Hand back each record exactly as you find it.

━━━━━━━━

(* Consider the sub-$\ell^\infty$ structure on $\mathbb{R}^3$ defined by $X_1=\partial_x-\tfrac{y}{2}\partial_z$, $X_2=\partial_y+\tfrac{x}{2}\partial_z$. (a) Let $(\lambda,\gamma)$ be an extremal pair on $[0,T]$ with $\gamma$ nonconstant and control $u$, and suppose that for some $j\in\{1,2\}$ the restriction to some open interval $I$ is a $\varphi_j$-singular arc. Then $\varphi_j\equiv0$ on all of $[0,T]$ and $u_{3-j}$ is a.e. constantly equal to $1$ or constantly equal to $-1$ on $[0,T]$. (b) Conversely, every admissible trajectory for which, for some $i\in\{1,2\}$, $u_i$ is a.e. constantly equal to $1$ or a.e. constantly equal to $-1$, admits an extremal lift for which $\varphi_{3-i}\equiv0$ on the whole domain. (c) Every such admissible trajectory (with $u_i\equiv1$ or $u_i\equiv-1$ for some $i$) is a time-minimizer.
   Context: Sub-$\ell^\infty$ structure defined by smooth vector fields $X_1,\dots,X_k$ on a manifold $M$: an admissible trajectory is an absolutely continuous curve $\gamma:[0,T]\to M$ together with a measurable control $u=(u_1,\dots,u_k):[0,T]\to\mathbb{R}^k$ with $|u_i(t)|\le1$ for all $i$ and a.e. $t$, such that $\dot\gamma(t)=\sum_i u_i(t)X_i(\gamma(t))$ for a.e. $t$. It is a time-minimizer (optimal) if no admissible trajectory joins $\gamma(0)$ to $\gamma(T)$ in time less than $T$. An extremal pair is a pair $(\lambda,\gamma)$ where $\gamma$ is admissible with control $u$ and $\lambda:[0,T]\to T^*M$ is absolutely continuous with $\lambda(t)\in T^*_{\gamma(t)}M\setminus\{0\}$, such that, with $\mathcal H(\lambda,p,u)=\sum_i u_i\langle\lambda,X_i(p)\rangle$, in canonical coordinates $\dot\lambda=-\partial_p\mathcal H(\lambda,\gamma,u)$, $\dot\gamma=\partial_\lambda\mathcal H(\lambda,\gamma,u)$ a.e., and there is a constant $\lambda_0\ge0$ with $\sum_iu_i(t)\langle\lambda(t),X_i(\gamma(t))\rangle=\sum_i|\langle\lambda(t),X_i(\gamma(t))\rangle|=\lambda_0$ for a.e. $t$; $\gamma$ is then an extremal trajectory and $\lambda$ an extremal lift. The switching functions are $\varphi_j(t)=\langle\lambda(t),X_j(\gamma(t))\rangle$. The restriction of an extremal pair to an open interval $I$ is a $\varphi_j$-singular arc if $\varphi_j\equiv0$ on $I$. *)

theory Defs
  imports "HOL-Analysis.Analysis"
begin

━━━━━━━━

> RESULT FOR THIS EXERCISE
(* Consider the sub-$\ell^\infty$ structure on $\mathbb{R}^3$ defined by $X_1=\partial_x-\tfrac{y}{2}\partial_z$, $X_2=\partial_y+\tfrac{x}{2}\partial_z$. (a) Let $(\lambda,\gamma)$ be an extremal pair on $[0,T]$ with $\gamma$ nonconstant and control $u$, and suppose that for some $j\in\{1,2\}$ the restriction to some open interval $I$ is a $\varphi_j$-singular arc. Then $\varphi_j\equiv0$ on all of $[0,T]$ and $u_{3-j}$ is a.e. constantly equal to $1$ or constantly equal to $-1$ on $[0,T]$. (b) Conversely, every admissible trajectory for which, for some $i\in\{1,2\}$, $u_i$ is a.e. constantly equal to $1$ or a.e. constantly equal to $-1$, admits an extremal lift for which $\varphi_{3-i}\equiv0$ on the whole domain. (c) Every such admissible trajectory (with $u_i\equiv1$ or $u_i\equiv-1$ for some $i$) is a time-minimizer.
   Context: Sub-$\ell^\infty$ structure defined by smooth vector fields $X_1,\dots,X_k$ on a manifold $M$: an admissible trajectory is an absolutely continuous curve $\gamma:[0,T]\to M$ together with a measurable control $u=(u_1,\dots,u_k):[0,T]\to\mathbb{R}^k$ with $|u_i(t)|\le1$ for all $i$ and a.e. $t$, such that $\dot\gamma(t)=\sum_i u_i(t)X_i(\gamma(t))$ for a.e. $t$. It is a time-minimizer (optimal) if no admissible trajectory joins $\gamma(0)$ to $\gamma(T)$ in time less than $T$. An extremal pair is a pair $(\lambda,\gamma)$ where $\gamma$ is admissible with control $u$ and $\lambda:[0,T]\to T^*M$ is absolutely continuous with $\lambda(t)\in T^*_{\gamma(t)}M\setminus\{0\}$, such that, with $\mathcal H(\lambda,p,u)=\sum_i u_i\langle\lambda,X_i(p)\rangle$, in canonical coordinates $\dot\lambda=-\partial_p\mathcal H(\lambda,\gamma,u)$, $\dot\gamma=\partial_\lambda\mathcal H(\lambda,\gamma,u)$ a.e., and there is a constant $\lambda_0\ge0$ with $\sum_iu_i(t)\langle\lambda(t),X_i(\gamma(t))\rangle=\sum_i|\langle\lambda(t),X_i(\gamma(t))\rangle|=\lambda_0$ for a.e. $t$; $\gamma$ is then an extremal trajectory and $\lambda$ an extremal lift. The switching functions are $\varphi_j(t)=\langle\lambda(t),X_j(\gamma(t))\rangle$. The restriction of an extremal pair to an open interval $I$ is a $\varphi_j$-singular arc if $\varphi_j\equiv0$ on $I$. *)

theory Defs
  imports "HOL-Analysis.Analysis"
begin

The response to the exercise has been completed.